TNF induction of jagged-1 expression depends on NFκB activity. (A) EC-coated beads were established in fibrin gels and treated with TNF (10 ng/mL) or TNF + NFκB inhibitor (100 nM). Sprouts were counted and data are presented as means plus SD; *P < .005 relative to control, by Student t test. One of 3 similar experiments. (B) ECs were transfected with GFP- or DN-IKKβ expression plasmids and cultured with or without TNF (10 ng/mL). RNA was harvested at 12 hours and gene expression examined by qRT-PCR. Means and SD are shown. *P < .001 relative to control, by Student t test. One of 2 similar experiments. (C) ECs were transfected with GFP- or DN-IKKβ expression plasmids and cultured with TNF (10 ng/mL) for the indicated times. RNA was harvested and gene expression examined by qRT-PCR. One of 2 similar experiments. (D) ECs were transfected with GFP- or CA-IKKβ expression plasmids and cultured for the indicated times. RNA was harvested and gene expression examined by qRT-PCR. One of 2 similar experiments. (E) ECs were cultured in the presence or absence of the p38 inhibitor SB203580 and/or TNF (10 ng/mL) for 18 hours and jagged-1 expression was assayed by qRT-PCR. Means and SD are shown. *P < .01 by Student t test. One of 3 similar experiments. (F) ECs were cultured in the presence or absence of the p38 inhibitor SB203580 and jagged-1 expression was assayed by qRT-PCR at various times after the addition of TNF (10 ng/mL).
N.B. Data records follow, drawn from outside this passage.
lemma fire_closed_if_legal_closed:
  assumes "finite S" and "\<And>w. w \<in> S \<Longrightarrow> delta_dot T w = 0"
    and legal: "\<And>w j. w \<in> S \<Longrightarrow> j \<in> V \<Longrightarrow> w j < 0 \<Longrightarrow> fire T j w \<in> S"
    and u: "u \<in> S" and i: "i \<in> V"
  shows "fire T i u \<in> S"
proof -
  consider "u i < 0" | "u i = 0" | "u i > 0" by linarith
  then show ?thesis
  proof cases
    case 1
    then show ?thesis using legal u i by blast
  next
    case 2
    then have "fire T i u = u" by (simp add: fire_eq[OF i] fun_eq_iff)
    then show ?thesis using u by simp
  next
    case 3
    with assms obtain w where "w \<in> S" "u = fire T i w"
      by (rule positive_amplitude_from_legal_move)
    then show ?thesis using fire_fire[OF i] by simp
  qed
qed

lemma game_reach_fire:
  assumes v: "delta_dot T v = 0" and u: "game_reach T v u" and i: "i \<in> V"
  shows "game_reach T v (fire T i u)"
proof -
  define S where "S = {w. game_reach T v w}"
  obtain x where x: "\<And>k. k \<in> V \<Longrightarrow> v k = config_of x k"
    using config_of_onto[OF v] by blast
  have "S \<subseteq> {weyl_act T g v | g. set g \<subseteq> V}"
  proof
    fix w assume "w \<in> S"
    then have "game_reach T v w" by (simp add: S_def)
    then obtain g where "set g \<subseteq> V" "w = weyl_act T g v" by (rule game_reach_imp_weyl_act)
    then show "w \<in> {weyl_act T g v | g. set g \<subseteq> V}" by blast
  qed
  then have "finite S" using weyl_orbit_finite[OF x] by (rule finite_subset)
  then have "fire T i u \<in> S"
  proof (rule fire_closed_if_legal_closed)
    show "delta_dot T w = 0" if "w \<in> S" for w
      using that game_reach_delta_dot v by (simp add: S_def)
    show "fire T j w \<in> S" if "w \<in> S" "j \<in> V" "w j < 0" for w j
    proof -
      have "legal_move T w (fire T j w)" using that(2,3) by (auto simp: legal_move_def)
      with that(1) show ?thesis by (simp add: S_def)
    qed
  qed (use u i in \<open>simp_all add: S_def\<close>)
  then show ?thesis by (simp add: S_def)
qed

lemma game_reach_weyl_act:
  assumes "delta_dot T v = 0"
  shows "set g \<subseteq> V \<Longrightarrow> game_reach T v (weyl_act T g v)"
proof (induction g)
  case (Cons i g)
  then show ?case using game_reach_fire[OF assms] by simp
qed simp

lemma game_reach_back:
  assumes "delta_dot T v = 0" and "game_reach T v w"
  shows "game_reach T w v"
proof -
  obtain g where g: "set g \<subseteq> V" "w = weyl_act T g v"
    using game_reach_imp_weyl_act[OF assms(2)] .
  have "delta_dot T w = 0" using game_reach_delta_dot[OF assms(2)] assms(1) by simp
  then have "game_reach T w (weyl_act T (rev g) w)" using g(1) by (intro game_reach_weyl_act) auto
  then show ?thesis using g by (simp add: weyl_act_rev)
qed

end

section \<open>The affine Dynkin diagrams\<close>

text \<open>Kac's dual labels (Table Aff 1). They, not the labels, form \<open>\<delta>\<close> here, because the Cartan
  matrix of the numbers game is the transpose of Kac's.\<close>

fun dual_labels :: "affine_type \<Rightarrow> nat \<Rightarrow> int" where
  "dual_labels (TA n) i = 1"
| "dual_labels (TB n) i = (if i \<le> 1 \<or> i = n then 1 else 2)"
| "dual_labels (TC n) i = 1"
| "dual_labels (TD n) i = (if i \<le> 1 \<or> n - 1 \<le> i then 1 else 2)"
| "dual_labels TE6 i = [1, 1, 2, 2, 3, 2, 1] ! i"
| "dual_labels TE7 i = [1, 2, 2, 3, 4, 3, 2, 1] ! i"
| "dual_labels TE8 i = [1, 2, 3, 4, 6, 5, 4, 3, 2] ! i"
| "dual_labels TF4 i = [1, 2, 3, 2, 1] ! i"
| "dual_labels TG2 i = [1, 1, 2] ! i"

fun symmetrizer :: "affine_type \<Rightarrow> nat \<Rightarrow> real" where
  "symmetrizer (TB n) i = (if i = n then 1 else 2)"
| "symmetrizer (TC n) i = (if i = 0 \<or> i = n then 2 else 1)"
| "symmetrizer TF4 i = [2, 2, 2, 1, 1] ! i"
| "symmetrizer TG2 i = [3, 1, 3] ! i"
| "symmetrizer _ i = 1"

lemma affine_gcmI:
  fixes depth :: "nat \<Rightarrow> nat"
  assumes "\<forall>i\<in>vertices T. 0 < \<eta> i \<and> 0 < a i"
    and "\<forall>i\<in>vertices T. \<forall>k\<in>vertices T.
           \<eta> k * of_int (cartan T i k) = \<eta> i * of_int (cartan T k i)"
    and "a 0 = 1"
    and "\<forall>i\<in>vertices T. (\<Sum>j\<in>vertices T. cartan T i j * a j) = 0"
    and "\<forall>i\<in>vertices T. i \<noteq> 0 \<longrightarrow>
           parent i \<in> vertices T \<and> cartan T (parent i) i \<noteq> 0 \<and> depth (parent i) < depth i"
  shows "affine_gcm T a \<eta>"
  using assms by unfold_locales (auto intro: connected_by_parent[where parent = parent and depth = depth])

lemmas cartan_table_simps = vertices_upt cartan_def kac_def simple_edge_def upt_conv_Cons

lemma affine_gcm_TE6: "affine_gcm TE6 (dual_labels TE6) (symmetrizer TE6)"
  by (rule affine_gcmI[where parent = "nth [0, 3, 0, 4, 2, 4, 5]" and depth = "nth [0, 4, 1, 3, 2, 3, 4]"])
     (simp_all add: cartan_table_simps del: set_upt)

lemma affine_gcm_TE7: "affine_gcm TE7 (dual_labels TE7) (symmetrizer TE7)"
  by (rule affine_gcmI[where parent = "nth [0, 0, 4, 1, 3, 4, 5, 6]" and depth = "nth [0, 1, 4, 2, 3, 4, 5, 6]"])
     (simp_all add: cartan_table_simps del: set_upt)

lemma affine_gcm_TE8: "affine_gcm TE8 (dual_labels TE8) (symmetrizer TE8)"
  by (rule affine_gcmI[where parent = "nth [0, 3, 4, 4, 5, 6, 7, 8, 0]" and depth = "nth [0, 7, 6, 6, 5, 4, 3, 2, 1]"])
     (simp_all add: cartan_table_simps del: set_upt)

lemma affine_gcm_TF4: "affine_gcm TF4 (dual_labels TF4) (symmetrizer TF4)"
  by (rule affine_gcmI[where parent = "\<lambda>i. i - 1" and depth = id])
     (simp_all add: cartan_table_simps del: set_upt)

lemma affine_gcm_TG2: "affine_gcm TG2 (dual_labels TG2) (symmetrizer TG2)"
  by (rule affine_gcmI[where parent = "nth [0, 2, 0]" and depth = "nth [0, 2, 1]"])
     (simp_all add: cartan_table_simps del: set_upt)

lemma kac_off_TA:
  "i \<le> n \<Longrightarrow> j \<le> n \<Longrightarrow> kac_off (TA n) j i =
   (if n = 1 then -2 else if j = (if i = n then 0 else Suc i) \<or> i = (if j = n then 0 else Suc j) then -1 else 0)"
  by (auto simp: mod_Suc)
text \<open>Jacobi with \<open>a, b, w \<in> W\<close>: if \<open>[a,b] = u\<close>, then \<open>\<lambda> w\<close> is a combination of
  \<open>\<lambda> a\<close> and \<open>\<lambda> b\<close>, so \<open>W\<close> is spanned by \<open>a\<close> and \<open>b\<close>.\<close>
lemma W_spanned_by:
  assumes a: "a \<in> W" and b: "b \<in> W" and ab: "br a b = u" and w: "w \<in> W"
  shows "w \<in> span {a, b}"
proof -
  obtain c1 where c1: "br b w = c1 *s u" using bracket_W_W[OF b w] by blast
  obtain c2 where c2: "br w a = c2 *s u" using bracket_W_W[OF w a] by blast
  have "br a (br b w) + br b (br w a) + br w (br a b) = 0" by (rule jacobi)
  then have "- (lam *s (c1 *s a + c2 *s b + w)) = 0"
    unfolding c1 c2 ab
    by (simp add: bracket_scale_right bracket_W_u[OF a] bracket_W_u[OF b] bracket_W_u[OF w]
        algebra_simps)
  then have "c1 *s a + c2 *s b + w = 0" using lam_nonzero by simp
  then have "w = (- c1) *s a + (- c2) *s b" by (simp add: algebra_simps eq_neg_iff_add_eq_0)
  then show ?thesis using span_pair_iff by blast
qed

lemma span_line_and_W:
  assumes "a \<in> W" "b \<in> W" "br a b = u"
  shows "x \<in> span {u, a, b}"
proof -
  obtain c w where cw: "w \<in> W" "x = c *s u + w" using decomposition by blast
  have "w \<in> span {a, b}" using W_spanned_by[OF assms cw(1)] .
  then have "w \<in> span {u, a, b}" using span_mono[of "{a, b}" "{u, a, b}"] by blast
  then show ?thesis using cw(2) by (simp add: span_add span_scale span_base)
qed

lemma W_partner:
  assumes a: "a \<in> W" and b: "b \<in> W" and ab: "br a b = u" and w: "w \<in> W" "w \<noteq> 0"
  shows "\<exists>z\<in>W. br w z = u"
proof -
  obtain p q where w_pq: "w = p *s a + q *s b"
    using W_spanned_by[OF a b ab w(1)] by (auto simp: span_pair_iff)
  show ?thesis
  proof (cases "p = 0")
    case False
    have "br w (inverse p *s b) = u"
      using False by (simp add: w_pq ab bracket_add_left bracket_scale_left bracket_scale_right bracket_self)
    then show ?thesis using W_scale[OF b] by blast
  next
    case True
    then have "q \<noteq> 0" using w w_pq by auto
    then have "br w ((- inverse q) *s a) = u"
      using True by (simp add: w_pq ab bracket_scale_left bracket_scale_right bracket_antisym[of b a])
    then show ?thesis using W_scale[OF a] by blast
  qed
qed

text \<open>If \<open>w \<in> U \<inter> W\<close> has a partner \<open>z \<in> W\<close>, then \<open>z \<notin> U\<close>: otherwise \<open>U\<close> would
  contain \<open>u, w, z\<close>, which span \<open>L\<close>, and \<open>U = L\<close> would be a nonzero ideal.\<close>
lemma partner_not_in_U:
  assumes w: "w \<in> W" "w \<in> U" and z: "z \<in> W" "br w z = u"
  shows "z \<notin> U"
proof
  assume "z \<in> U"
  then have "span {u, w, z} \<subseteq> U" using w u_in_U U_subspace by (simp add: span_minimal)
  then have "UNIV \<subseteq> U" using span_line_and_W[OF w(1) z] by blast
  then have "UNIV \<subseteq> {0::'v}"
    using core_free_ideal_trivial[OF core_free] by (simp add: lie_ideal_def)
  then show False using u_nonzero by blast
qed

text \<open>In the nonabelian case \<open>U \<inter> W = 0\<close>: for \<open>0 \<noteq> w \<in> U \<inter> W\<close> with partner \<open>z \<notin> U\<close>,
  the subalgebra \<open>\<langle>w,z\<rangle> \<ni> u\<close> is not a \<open>\<mu>\<close>-algebra (it contains the subalgebra
  \<open>span {u, w}\<close>), and it is not two-dimensional, since then \<open>z \<in> span {u, w} \<inter> W = F w\<close>.\<close>
lemma U_meets_W_trivially:
  assumes a: "a \<in> W" and b: "b \<in> W" and ab: "br a b = u" and w: "w \<in> W" "w \<in> U"
  shows "w = 0"
proof (rule ccontr)
  assume w0: "w \<noteq> 0"
  obtain z where z: "z \<in> W" "br w z = u" using W_partner[OF a b ab w(1) w0] by blast
  have zU: "z \<notin> U" using partner_not_in_U[OF w z] .
  let ?S = "gen_subalg scale br {w, z}"
  have wS: "w \<in> ?S" and zS: "z \<in> ?S" using gen_subalg_generators[of "{w, z}"] by auto
  have uS: "u \<in> ?S" using subalgebra_bracket[OF gen_subalg_subalgebra wS zS] z(2) by simp
  have w_out: "w \<notin> span {u}" using W_not_in_line w(1) w0 .
  show False
  proof (cases rule: pair_cases[OF w(2) w0 zU])
    case 1
    then have "z \<in> span {u, w}" using dim_two_span uS wS zS u_nonzero w_out by blast
    then obtain p q where zpq: "z = p *s u + q *s w" by (auto simp: span_pair_iff)
    then have "p *s u \<in> W" using z(1) w(1) W_subspace
      by (metis add_diff_cancel_right' subspace_diff subspace_scale)
    then have "p = 0" by (rule line_meets_W)
    then have "br w z = 0" using zpq by (simp add: bracket_scale_right bracket_self)
    then show False using z(2) u_nonzero by simp
  next
    case 2
    have "br u w = 0 *s u + lam *s w" using w(1) by (simp add: in_W)
    then have "br u w \<in> span {u, w}" using span_pair_iff by blast
    then show False
      using mu_algebra_no_pair_subalgebra[OF 2 gen_subalg_subalgebra uS u_nonzero wS w_out] by blast
  qed
qed

lemma U_is_line:
  assumes a: "a \<in> W" and b: "b \<in> W" and ab: "br a b = u"
  shows "U = span {u}"
proof
  show "span {u} \<subseteq> U" using u_in_U U_subspace by (simp add: span_minimal)
  show "U \<subseteq> span {u}"
  proof
    fix y assume "y \<in> U"
    obtain c w where cw: "w \<in> W" "y = c *s u + w" using decomposition by blast
    have "w \<in> U"
      using \<open>y \<in> U\<close> u_in_U U_subspace cw(2) subspace_diff[of U y "c *s u"] subspace_scale by force
    then have "w = 0" using U_meets_W_trivially[OF a b ab cw(1)] by blast
    then show "y \<in> span {u}" using cw by (simp add: span_scale span_base)
  qed
qed

text \<open>For \<open>a, e \<in> W\<close> with \<open>[a,e] = u\<close>, the vectors \<open>a\<close>, \<open>\<lambda>\<^sup>-\<^sup>1 e\<close>, \<open>\<lambda>\<^sup>-\<^sup>1 u\<close> form a basis
  of \<open>L\<close>: \<open>u\<close> is independent of \<open>W\<close>, and \<open>a, e\<close> are independent since \<open>[a,e] \<noteq> 0\<close>.\<close>
lemma scaled_basis:
  assumes a: "a \<in> W" and e: "e \<in> W" and ae: "br a e = u"
  defines "B \<equiv> inverse lam *s e" and "C \<equiv> inverse lam *s u"
  shows "\<not> dependent {a, B, C}" and "span {a, B, C} = UNIV"
proof -
  have BW: "B \<in> W" unfolding B_def using e by (rule W_scale)
  have C_out: "k *s C \<in> W \<Longrightarrow> k = 0" for k
    using line_meets_W[of "k * inverse lam"] lam_nonzero unfolding C_def by simp
  have C0: "C \<noteq> 0" unfolding C_def using u_nonzero lam_nonzero by simp
  have B_out: "B \<notin> span {C}"
  proof
    assume "B \<in> span {C}"
    then obtain k where "B = k *s C" by (auto simp: span_singleton)
    then have "B = 0" using C_out BW by simp
    then have "e = 0" unfolding B_def using lam_nonzero by simp
    then show False using ae u_nonzero by simp
  qed
  have A_out: "a \<notin> span {B, C}"
  proof
    assume "a \<in> span {B, C}"
    then obtain p q where pq: "a = p *s B + q *s C" by (auto simp: span_pair_iff)
    then have "q *s C \<in> W" using a BW W_subspace
      by (metis add_diff_cancel_left' subspace_diff subspace_scale)
    then have "a = (p * inverse lam) *s e" using pq C_out unfolding B_def by simp
    then have "br a e = 0" by (simp add: bracket_scale_left bracket_self)
    then show False using ae u_nonzero by simp
  qed
  show "\<not> dependent {a, B, C}"
    using independent_insertI[OF A_out independent_insertI[OF B_out]] C0 by simp
  have "u = lam *s C" "e = lam *s B" unfolding B_def C_def using lam_nonzero by simp_all
  then have "{u, a, e} \<subseteq> span {a, B, C}" by (auto simp: span_scale span_base)
  then show "span {a, B, C} = UNIV" using span_line_and_W[OF a e ae] span_minimal[of "{u, a, e}"] by blast
qed
lemma nn_integral_spread_plus_downs_le:
  fixes M :: "'w measure" and x0 :: "nat \<Rightarrow> real"
  assumes params: "0 \<le> q" "q \<le> 1" "0 < \<mu>" "0 < s"
    and P: "poisson_rm M Pts (noise_intensity N \<mu> q s)" and N: "2 \<le> N"
    and B: "B \<in> noise_F1 M Pts (noise_intensity N \<mu> q s)" "measure M B \<le> e" and e: "e \<le> 1"
  shows "(\<integral>\<^sup>+\<omega>. ennreal ((max_type N x0 - min_type N x0 + real (card (Pts \<omega> \<inter> down_box N))) * indicator B \<omega>) \<partial>M)
           \<le> ennreal ((2 + 2 * sqrt (2 * exp (2 * \<mu>))) * (sqrt (c2 (emp N x0) * real N ^ 3) + real N ^ 2) * sqrt e)"
proof -
  interpret prob_space M using P unfolding poisson_rm_def by blast
  have N0: "0 < N" using N by simp
  have e0: "0 \<le> e" using B(2) measure_nonneg[of M B] by linarith
  have spread: "0 \<le> max_type N x0 - min_type N x0" using min_type_le_max_type[OF N0] by simp
  have "(\<integral>\<^sup>+\<omega>. ennreal ((max_type N x0 - min_type N x0 + real (card (Pts \<omega> \<inter> down_box N))) * indicator B \<omega>) \<partial>M)
      \<le> ennreal ((max_type N x0 - min_type N x0) * e + 2 * real N * sqrt (2 * exp (2 * \<mu>)) * sqrt e)"
  proof (rule nn_integral_indicator_le_exp_moment[OF prob_space_axioms _ B(2) _ _ N0 spread])
    show "B \<in> sets M" using B(1) noise_F1_subset_sets[OF P] by blast
    show "(\<lambda>\<omega>. card (Pts \<omega> \<inter> down_box N)) \<in> measurable M (count_space UNIV)"
      by (rule poisson_rm_card_measurable[OF P down_box_finite_intensity[OF params N0]])
  qed (use down_box_exp_moment[OF params N P] in auto)
  also have "\<dots> \<le> ennreal ((2 + 2 * sqrt (2 * exp (2 * \<mu>))) * (sqrt (c2 (emp N x0) * real N ^ 3) + real N ^ 2) * sqrt e)"
    using spread_le_c2[OF N0] spread e0 e N0
    by (intro ennreal_leI moment_bound_le_constant) (auto simp: c2_def sum_mset_emp sum_nonneg)
  finally show ?thesis .
qed

lemma moran_displacement_bound:
  fixes M :: "'w measure" and x0 :: "nat \<Rightarrow> real"
  assumes params: "0 \<le> q" "q \<le> 1" "0 < \<mu>" "0 < s"
    and P: "poisson_rm M Pts (noise_intensity N \<mu> q s)"
    and N: "256 \<le> N" and x0: "emp N x0 \<in> Sbar N"
    and B: "B \<in> noise_F1 M Pts (noise_intensity N \<mu> q s)" "measure M B \<le> e" and e: "e \<le> 1"
  defines "bound \<equiv> (2 + 2 * sqrt (2 * exp (2 * \<mu>))) * (sqrt (c2 (emp N x0) * real N ^ 3) + real N ^ 2) * sqrt e"
  shows "(\<integral>\<^sup>+\<omega>. ennreal (- (INF t\<in>{0..1}. Min ((\<lambda>i. moran_path sel (Pts \<omega>) x0 t i - x0 i) ` {..<N}))
                     * indicator B \<omega>) \<partial>M) \<le> ennreal bound"
    and "(\<integral>\<^sup>+\<omega>. ennreal (- (INF t\<in>{0..1}. kc (emp N (moran_path sel (Pts \<omega>) x0 t)) - kc (emp N x0))
                     * indicator B \<omega>) \<partial>M) \<le> ennreal bound"
proof -
  have N0: "0 < N" "2 \<le> N" using N by auto
  define W where "W \<omega> = max_type N x0 - min_type N x0 + real (card (Pts \<omega> \<inter> down_box N))" for \<omega>
  obtain l where lat: "\<forall>i<N. x0 i - l \<in> \<int>" using x0 mem_emp unfolding Sbar_def by force
  have "AE \<omega> in M. - (INF t\<in>{0..1}. Min ((\<lambda>i. moran_path sel (Pts \<omega>) x0 t i - x0 i) ` {..<N})) \<le> W \<omega>
              \<and> - (INF t\<in>{0..1}. kc (emp N (moran_path sel (Pts \<omega>) x0 t)) - kc (emp N x0)) \<le> W \<omega>"
    using AE_admissible[OF params N0(1) P]
  proof eventually_elim
    case (elim \<omega>)
    have "W \<omega> = max_type N x0 - min_type N x0 + card (down_mutations (Pts \<omega>) 1)"
      unfolding W_def down_mutations_eq_down_box[OF elim] ..
    thus ?case using inf_displacement_ge[OF N elim lat, of "W \<omega>" sel] by linarith
  qed
  hence "AE \<omega> in M. ennreal (- (INF t\<in>{0..1}. Min ((\<lambda>i. moran_path sel (Pts \<omega>) x0 t i - x0 i) ` {..<N}))
                              * indicator B \<omega>) \<le> ennreal (W \<omega> * indicator B \<omega>)
             \<and> ennreal (- (INF t\<in>{0..1}. kc (emp N (moran_path sel (Pts \<omega>) x0 t)) - kc (emp N x0))
                              * indicator B \<omega>) \<le> ennreal (W \<omega> * indicator B \<omega>)"
    by eventually_elim (auto simp: indicator_def intro: ennreal_leI)
  moreover have "(\<integral>\<^sup>+\<omega>. ennreal (W \<omega> * indicator B \<omega>) \<partial>M) \<le> ennreal bound"
    unfolding W_def bound_def by (rule nn_integral_spread_plus_downs_le[OF params P N0(2) B e])
  ultimately show "(\<integral>\<^sup>+\<omega>. ennreal (- (INF t\<in>{0..1}. Min ((\<lambda>i. moran_path sel (Pts \<omega>) x0 t i - x0 i) ` {..<N}))
                     * indicator B \<omega>) \<partial>M) \<le> ennreal bound"
    and "(\<integral>\<^sup>+\<omega>. ennreal (- (INF t\<in>{0..1}. kc (emp N (moran_path sel (Pts \<omega>) x0 t)) - kc (emp N x0))
                     * indicator B \<omega>) \<partial>M) \<le> ennreal bound"
    by (auto intro: order_trans[OF nn_integral_mono_AE] elim: eventually_mono)
qed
Means and SD are shown. *P < .02 by Student t test. One of 3 similar experiments.

Figure 6

Activation of the NFκB pathway induces a notch signal in neighboring cells. ECs were transfected with an expression plasmid for CA-IKKβ, and induction of jagged was confirmed by FACS (data not shown). Cells were then cocultured with ECs transfected with the notch reporter plasmid RBP-Luc, in the presence or absence of the notch signaling inhibitor DAPT (gamma-secretase inhibitor). Cells were harvested at 18 hours for assay of luciferase activity. Mean and SD is shown. *P < .01 by Student t test. One of 2 similar experiments.

Figure 7

Summary. In the early stages of inflammation, the lesion is macrophage-rich and high levels of TNF are expressed. TNF induces proangiogenic, tip cell genes, including VEGFR2, PDGFB, and jagged-1. TNF also blocks VEGFR2 signaling, likely through induction of SHP-1. The ECs are thus primed for sprouting. Once the inflammatory response subsides, inhibition of VEGFR2 signaling is relieved, and VEGF-driven sprouting angiogenesis begins.